Hello Building Expert!
A PH only makes sense if there is also a person in the house during the day – the residents’ body heat is also considered in the calculation for the PH standard. [...]
From my point of view, KfW 70 is currently economically sensible; with the red competitor colleague, also KfW 55, because their wall construction allows for it anyway. Only the exhaust air heat pump should be replaced by another system.
What are the reasons that you are considering KfW 40 or PH?
Thanks for the information that a PH only makes sense if a person is in the house during the day. That will probably not be the case for us in the future.
The reasons for our consideration of KfW 40 or PH are that we are not only thinking about the current situation but (naively?) hope to still be living in the house in 40 or 50 years. We do not want energy costs to eat us up then.
If you stick with KfW 55 – the standard of the red competitor colleague – you will not manage with your above-mentioned costs. They use an exhaust air heat pump as standard, and this is not sufficient to properly heat a house. The internet is full of builders who have taken sobering notice that a house below PH standard with this system, which fundamentally corresponds to a controlled residential ventilation with heat recovery, just cannot be heated comfortably.
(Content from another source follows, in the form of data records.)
(* Let $T$ be a PQ-tree with leaf set $E$, let $\vartriangleleft$ be a binary relation on $E$, and let $S$ be a subtree of $T$ with leaf set $E_S$. Suppose $T$ has a reordering compatible with $\vartriangleleft$. Let $S'$ be any reordering of $S$ (obtained by reordering operations applied only at inner nodes of $S$) such that for all $a,b\in E_S$, $a\vartriangleleft b$ implies $a<_{S'} b$. Then there exists a reordering $T'$ of $T$ compatible with $\vartriangleleft$ such that, for every inner node of $S$, the order of its children in $T'$ coincides with that in $S'$.
   Context: A PQ-tree on a finite set $E$ is a rooted tree whose leaves are in one-to-one correspondence with the elements of $E$, whose inner nodes are each either a P-node or a Q-node, each inner node has at least two children, and for each inner node a linear order of its children is fixed. $<_T$ denotes the linear ordering of $E$ obtained by reading the leaves of $T$ from left to right. The allowed reordering operations are: permuting the children of a P-node arbitrarily, and reversing the order of the children of a Q-node. A tree $T'$ is a reordering of $T$ if it is obtained from $T$ by finitely many such operations. A subtree consists of one inner node and all its descendants; it is itself a PQ-tree and $<_S$ is defined likewise. A reordering $T'$ is compatible with a relation $\vartriangleleft$ on $E$ if $a\vartriangleleft b$ implies $a<_{T'} b$ for all $a,b\in E$. *)

theory Defs
  imports Main "HOL-Library.Multiset"
begin

datatype 'a pqtree = Leaf 'a | PNode "'a pqtree list" | QNode "'a pqtree list"

fun frontier :: "'a pqtree \<Rightarrow> 'a list" where
  "frontier (Leaf a) = [a]"
| "frontier (PNode cs) = concat (map frontier cs)"
| "frontier (QNode cs) = concat (map frontier cs)"

definition leaves :: "'a pqtree \<Rightarrow> 'a set" where
  "leaves T = set (frontier T)"

fun inner_ok :: "'a pqtree \<Rightarrow> bool" where
  "inner_ok (Leaf a) = True"
| "inner_ok (PNode cs) = (2 \<le> length cs \<and> (\<forall>c\<in>set cs. inner_ok c))"
| "inner_ok (QNode cs) = (2 \<le> length cs \<and> (\<forall>c\<in>set cs. inner_ok c))"

definition pq_tree :: "'a pqtree \<Rightarrow> bool" where
  "pq_tree T \<longleftrightarrow> distinct (frontier T) \<and> inner_ok T"

fun is_inner :: "'a pqtree \<Rightarrow> bool" where
  "is_inner (Leaf a) = False"
| "is_inner _ = True"

definition less_in :: "'a pqtree \<Rightarrow> 'a \<Rightarrow> 'a \<Rightarrow> bool" where
  "less_in T a b \<longleftrightarrow> (\<exists>i j. i < j \<and> j < length (frontier T) \<and>
                         frontier T ! i = a \<and> frontier T ! j = b)"

inductive reorder_step :: "'a pqtree \<Rightarrow> 'a pqtree \<Rightarrow> bool" where
  perm_P: "mset cs' = mset cs \<Longrightarrow> reorder_step (PNode cs) (PNode cs')"
| rev_Q: "reorder_step (QNode cs) (QNode (rev cs))"
| in_P: "reorder_step c c' \<Longrightarrow> reorder_step (PNode (xs @ c # ys)) (PNode (xs @ c' # ys))"
| in_Q: "reorder_step c c' \<Longrightarrow> reorder_step (QNode (xs @ c # ys)) (QNode (xs @ c' # ys))"

definition reordering :: "'a pqtree \<Rightarrow> 'a pqtree \<Rightarrow> bool" where
  "reordering T T' \<longleftrightarrow> rtranclp reorder_step T T'"

inductive subtree :: "'a pqtree \<Rightarrow> 'a pqtree \<Rightarrow> bool" where
  self: "is_inner S \<Longrightarrow> subtree S S"
| below_P: "subtree S c \<Longrightarrow> c \<in> set cs \<Longrightarrow> subtree S (PNode cs)"
| below_Q: "subtree S c \<Longrightarrow> c \<in> set cs \<Longrightarrow> subtree S (QNode cs)"

definition compatible :: "'a pqtree \<Rightarrow> ('a \<Rightarrow> 'a \<Rightarrow> bool) \<Rightarrow> bool" where
  "compatible T' R \<longleftrightarrow> (\<forall>a b. R a b \<longrightarrow> less_in T' a b)"

end

theory Submission
  imports Defs
begin

text \<open>Reorderings form an equivalence relation that carries every subtree of \<open>T\<close> to a
  subtree of any reordering \<open>T\<^sub>0\<close> of \<open>T\<close>. Take \<open>T\<^sub>0\<close> compatible with the relation, let \<open>S\<^sub>0\<close> be
  the image of \<open>S\<close> in it and replace \<open>S\<^sub>0\<close> by \<open>S'\<close>, which is a reordering of \<open>S\<^sub>0\<close>. This only
  permutes the contiguous block of leaves of \<open>S\<close> in the frontier: pairs with both ends in the
  block are ordered as in \<open>S'\<close>, all other pairs keep their order from \<open>T\<^sub>0\<close>.\<close>

definition precedes :: "'a list \<Rightarrow> 'a \<Rightarrow> 'a \<Rightarrow> bool" where
  "precedes xs a b \<longleftrightarrow> (\<exists>i j. i < j \<and> j < length xs \<and> xs ! i = a \<and> xs ! j = b)"

lemma less_in_eq_precedes: "less_in T = precedes (frontier T)"
  unfolding less_in_def precedes_def by (intro ext) (rule refl)

lemma precedes_append:
  "precedes (xs @ ys) a b \<longleftrightarrow>
     precedes xs a b \<or> precedes ys a b \<or> (a \<in> set xs \<and> b \<in> set ys)" (is "?lhs \<longleftrightarrow> ?rhs")
proof
  assume ?lhs
  then obtain i j where ij: "i < j" "j < length (xs @ ys)" "(xs @ ys) ! i = a" "(xs @ ys) ! j = b"
    unfolding precedes_def by blast
  consider "j < length xs" | "length xs \<le> i" | "i < length xs" "length xs \<le> j"
    using ij(1) by linarith
  then show ?rhs
  proof cases
    case 1
    then have "precedes xs a b" using ij unfolding precedes_def
      by (intro exI[of _ i] exI[of _ j]) (simp add: nth_append)
    then show ?thesis by blast
  next
    case 2
    then have "precedes ys a b" using ij unfolding precedes_def
      by (intro exI[of _ "i - length xs"] exI[of _ "j - length xs"]) (auto simp: nth_append)
    then show ?thesis by blast
  next
    case 3
    then have "a \<in> set xs" "b \<in> set ys" using ij by (auto simp: nth_append)
    then show ?thesis by blast
  qed
next
  assume ?rhs
  then show ?lhs
  proof (elim disjE conjE)
    assume "precedes xs a b"
    then obtain i j where "i < j" "j < length xs" "xs ! i = a" "xs ! j = b"
      unfolding precedes_def by blast
    then show ?lhs unfolding precedes_def
      by (intro exI[of _ i] exI[of _ j]) (simp add: nth_append)
  next
    assume "precedes ys a b"
    then obtain i j where "i < j" "j < length ys" "ys ! i = a" "ys ! j = b"
      unfolding precedes_def by blast
    then show ?lhs unfolding precedes_def
      by (intro exI[of _ "length xs + i"] exI[of _ "length xs + j"]) (simp add: nth_append)
  next
    assume "a \<in> set xs" "b \<in> set ys"
    then obtain i j where "i < length xs" "xs ! i = a" "j < length ys" "ys ! j = b"
      by (auto simp: in_set_conv_nth)
    then show ?lhs unfolding precedes_def
      by (intro exI[of _ i] exI[of _ "length xs + j"]) (simp add: nth_append)
  qed
qed

lemma less_in_imp_leaves: "less_in T a b \<Longrightarrow> a \<in> leaves T \<and> b \<in> leaves T"
  unfolding less_in_def leaves_def by auto

lemma reordering_in_P:
  "reordering c c' \<Longrightarrow> reordering (PNode (xs @ c # ys)) (PNode (xs @ c' # ys))"
  unfolding reordering_def
  by (induction rule: rtranclp_induct) (auto intro: rtranclp.rtrancl_into_rtrancl reorder_step.in_P)

lemma reordering_in_Q:
  "reordering c c' \<Longrightarrow> reordering (QNode (xs @ c # ys)) (QNode (xs @ c' # ys))"
  unfolding reordering_def
  by (induction rule: rtranclp_induct) (auto intro: rtranclp.rtrancl_into_rtrancl reorder_step.in_Q)

lemma reorder_step_sym: "reorder_step A B \<Longrightarrow> reorder_step B A"
proof (induction rule: reorder_step.induct)
  case (perm_P cs' cs) then show ?case by (metis reorder_step.perm_P)
next
  case (rev_Q cs) then show ?case using reorder_step.rev_Q[of "rev cs"] by simp
qed (auto intro: reorder_step.in_P reorder_step.in_Q)

lemma reordering_refl: "reordering T T"
  unfolding reordering_def by (rule rtranclp.rtrancl_refl)

lemma reordering_sym: "reordering A B \<Longrightarrow> reordering B A"
  unfolding reordering_def by (metis sympI reorder_step_sym symp_rtranclp sympD)

lemma reordering_trans: "reordering A B \<Longrightarrow> reordering B C \<Longrightarrow> reordering A C"
  unfolding reordering_def by (rule rtranclp_trans)

lemma reorder_step_leaves: "reorder_step A B \<Longrightarrow> leaves B = leaves A"
  by (induction rule: reorder_step.induct) (auto simp: leaves_def dest: mset_eq_setD)

lemma reordering_leaves: "reordering A B \<Longrightarrow> leaves B = leaves A"
  unfolding reordering_def by (induction rule: rtranclp_induct) (auto dest: reorder_step_leaves)

lemma reorder_step_is_inner: "reorder_step A B \<Longrightarrow> is_inner B"
  by (induction rule: reorder_step.induct) auto

lemma reordering_is_inner: "reordering A B \<Longrightarrow> is_inner A \<Longrightarrow> is_inner B"
  unfolding reordering_def by (induction rule: rtranclp_induct) (auto dest: reorder_step_is_inner)

lemma subtree_is_inner: "subtree S T \<Longrightarrow> is_inner S"
  by (induction rule: subtree.induct) auto

lemma subtree_PNode_iff: "subtree S (PNode cs) \<longleftrightarrow> S = PNode cs \<or> (\<exists>c\<in>set cs. subtree S c)"
  by (auto elim: subtree.cases intro: subtree.intros)

lemma subtree_QNode_iff: "subtree S (QNode cs) \<longleftrightarrow> S = QNode cs \<or> (\<exists>c\<in>set cs. subtree S c)"
  by (auto elim: subtree.cases intro: subtree.intros)

lemma reorder_step_reordering: "reorder_step T T' \<Longrightarrow> reordering T T'"
  unfolding reordering_def by (rule r_into_rtranclp)

lemma reorder_step_subtree_root: "reorder_step T T' \<Longrightarrow> \<exists>S'. subtree S' T' \<and> reordering T S'"
  by (blast intro: subtree.self reorder_step_is_inner reorder_step_reordering)

lemma reorder_step_subtree:
  "reorder_step T T' \<Longrightarrow> subtree S T \<Longrightarrow> \<exists>S'. subtree S' T' \<and> reordering S S'"
proof (induction arbitrary: S rule: reorder_step.induct)
  case (perm_P cs' cs)
  with reorder_step_subtree_root[OF reorder_step.perm_P[OF perm_P(1)]] show ?case
    unfolding subtree_PNode_iff reordering_def by (blast dest: mset_eq_setD)
next
  case (rev_Q cs)
  with reorder_step_subtree_root[OF reorder_step.rev_Q[of cs]] show ?case
    unfolding subtree_QNode_iff reordering_def by auto
next
  case (in_P c c' xs ys)
  from in_P.prems consider "S = PNode (xs @ c # ys)" | "subtree S c"
    | d where "d \<in> set (xs @ c' # ys)" "subtree S d"
    unfolding subtree_PNode_iff by auto
  then show ?case
  proof cases
    case 1
    then show ?thesis using reorder_step_subtree_root[OF reorder_step.in_P[OF in_P(1)]] by simp
  next
    case 2
    then show ?thesis using in_P.IH by (meson in_set_conv_decomp subtree.below_P)
  next
    case 3
    then show ?thesis using reordering_refl by (meson subtree.below_P)
  qed
next
  case (in_Q c c' xs ys)
  from in_Q.prems consider "S = QNode (xs @ c # ys)" | "subtree S c"
    | d where "d \<in> set (xs @ c' # ys)" "subtree S d"
    unfolding subtree_QNode_iff by auto
  then show ?case
  proof cases
    case 1
    then show ?thesis using reorder_step_subtree_root[OF reorder_step.in_Q[OF in_Q(1)]] by simp
  next
    case 2
    then show ?thesis using in_Q.IH by (meson in_set_conv_decomp subtree.below_Q)
  next
    case 3
    then show ?thesis using reordering_refl by (meson subtree.below_Q)
  qed
qed

lemma reordering_subtree:
  "reordering T T' \<Longrightarrow> subtree S T \<Longrightarrow> \<exists>S'. subtree S' T' \<and> reordering S S'"
  unfolding reordering_def
proof (induction rule: rtranclp_induct)
  case (step U U')
  then obtain S1 where "subtree S1 U" "reorder_step\<^sup>*\<^sup>* S S1" by blast
  with reorder_step_subtree[OF step(2)] show ?case
    unfolding reordering_def by (meson rtranclp_trans)
qed auto

inductive replace :: "'a pqtree \<Rightarrow> 'a pqtree \<Rightarrow> 'a pqtree \<Rightarrow> 'a pqtree \<Rightarrow> bool" where
  here: "replace A B A B"
| in_P: "replace A B c c' \<Longrightarrow> replace A B (PNode (xs @ c # ys)) (PNode (xs @ c' # ys))"
| in_Q: "replace A B c c' \<Longrightarrow> replace A B (QNode (xs @ c # ys)) (QNode (xs @ c' # ys))"

lemma subtree_imp_replace: "subtree S T \<Longrightarrow> \<exists>T'. replace S B T T'"
  by (induction rule: subtree.induct) (auto intro: replace.intros dest!: split_list)

lemma replace_subtree: "replace A B T T' \<Longrightarrow> is_inner B \<Longrightarrow> subtree B T'"
  by (induction rule: replace.induct) (auto intro: subtree.intros)

lemma replace_reordering: "replace A B T T' \<Longrightarrow> reordering A B \<Longrightarrow> reordering T T'"
  by (induction rule: replace.induct) (auto intro: reordering_in_P reordering_in_Q)

lemma replace_frontier:
  "replace A B T T' \<Longrightarrow>
     \<exists>P Q. frontier T = P @ frontier A @ Q \<and> frontier T' = P @ frontier B @ Q"
proof (induction rule: replace.induct)
  case here show ?case by (intro exI[of _ "[]"]) simp
next
  case (in_P A B c c' xs ys)
  then obtain P Q where "frontier c = P @ frontier A @ Q" "frontier c' = P @ frontier B @ Q"
    by blast
  then show ?case
    by (intro exI[of _ "concat (map frontier xs) @ P"] exI[of _ "Q @ concat (map frontier ys)"]) simp
next
  case (in_Q A B c c' xs ys)
  then obtain P Q where "frontier c = P @ frontier A @ Q" "frontier c' = P @ frontier B @ Q"
    by blast
  then show ?case
    by (intro exI[of _ "concat (map frontier xs) @ P"] exI[of _ "Q @ concat (map frontier ys)"]) simp
qed

lemma less_in_replace:
  assumes "replace A B T T'" and "leaves B = leaves A" and "less_in T a b"
    and "less_in A a b \<Longrightarrow> less_in B a b"
  shows "less_in T' a b"
proof -
  obtain P Q where PQ: "frontier T = P @ frontier A @ Q" "frontier T' = P @ frontier B @ Q"
    using replace_frontier[OF assms(1)] by blast
  have "set (frontier B) = set (frontier A)" using assms(2) unfolding leaves_def .
  with assms(3,4) show ?thesis
    unfolding less_in_eq_precedes PQ precedes_append set_append by blast
qed

theorem mainTheorem2:
  fixes T S S' :: "'a pqtree" and R :: "'a \<Rightarrow> 'a \<Rightarrow> bool"
  assumes "pq_tree T"
    and "\<forall>a b. R a b \<longrightarrow> a \<in> leaves T \<and> b \<in> leaves T"
    and "subtree S T"
    and "\<exists>T0. reordering T T0 \<and> compatible T0 R"
    and "reordering S S'"
    and "\<forall>a\<in>leaves S. \<forall>b\<in>leaves S. R a b \<longrightarrow> less_in S' a b"
  shows "\<exists>T'. reordering T T' \<and> compatible T' R \<and> subtree S' T'"
proof -
  obtain T0 where T0: "reordering T T0" "compatible T0 R" using assms(4) by blast
  obtain S0 where S0: "subtree S0 T0" "reordering S S0"
    using reordering_subtree[OF T0(1) assms(3)] by blast
  have S0_S': "reordering S0 S'" using reordering_trans[OF reordering_sym[OF S0(2)] assms(5)] .
  obtain T' where T': "replace S0 S' T0 T'" using subtree_imp_replace[OF S0(1)] by blast
  have leaves_S0: "leaves S0 = leaves S" using reordering_leaves[OF S0(2)] .
  have "compatible T' R"
    unfolding compatible_def
  proof (intro allI impI)
    fix a b assume "R a b"
    show "less_in T' a b"
    proof (rule less_in_replace[OF T' reordering_leaves[OF S0_S']])
      show "less_in T0 a b" using T0(2) \<open>R a b\<close> unfolding compatible_def by blast
    next
      assume "less_in S0 a b"
      with leaves_S0 have "a \<in> leaves S" "b \<in> leaves S" by (auto dest: less_in_imp_leaves)
      with assms(6) \<open>R a b\<close> show "less_in S' a b" by blast
    qed
  qed
  moreover have "reordering T T'" using reordering_trans[OF T0(1) replace_reordering[OF T' S0_S']] .
  moreover have "subtree S' T'"
    using replace_subtree[OF T' reordering_is_inner[OF assms(5) subtree_is_inner[OF assms(3)]]] .
  ultimately show ?thesis by blast
qed

end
It should be KfW 55, yes. However, I am not currently sure who the red competitor is.
We were at a local builder planner yesterday who left a very good impression on us and also spoke about gas condensing boilers in connection with ventilation.
In my opinion, a basement only makes sense if it either results from a hillside location (the necessary earthworks for such a plot are not trivial, so a basement always pays off) or if the basement is converted into living space. Because usually, the following happens with a pure utility basement: the desired basement is fully used as storage space. Maybe one or two parties are held in the larger rear basement; but soon the person responsible for household chores realizes that the terrace and garden are much easier to clean after a party. After that, the basement hosts the house connections, possibly the washing machine and dryer, and a storage room – the rest is used as a warehouse. For moving boxes, furniture the builders do not want to part with, decorations, etc.
For a house of size 140/150 sqm, the pure utility basement costs about EUR 40,000, and a finished living basement another + EUR 20,000 for necessary insulation, underfloor heating, living room windows and interior plaster. Floor and wall coverings not yet included. For this money, you can better build above ground; unless you want to create a utility garden and need storage space for the harvest of potatoes & co., as demonstrated by the generation of our parents.
Yes, the basement is a tricky thing... it should not become living space, but... we cannot simply add another “crawl space floor” on top, especially here in Gö, where usually not even the construction of two upper floors is allowed.
But maybe the attic should be roughly converted and then used as a storage room, if it will not be a flat roof/hipped roof or similar. It is indeed true that 40k€ is quite expensive just for a crawl space storage – thanks for the advice!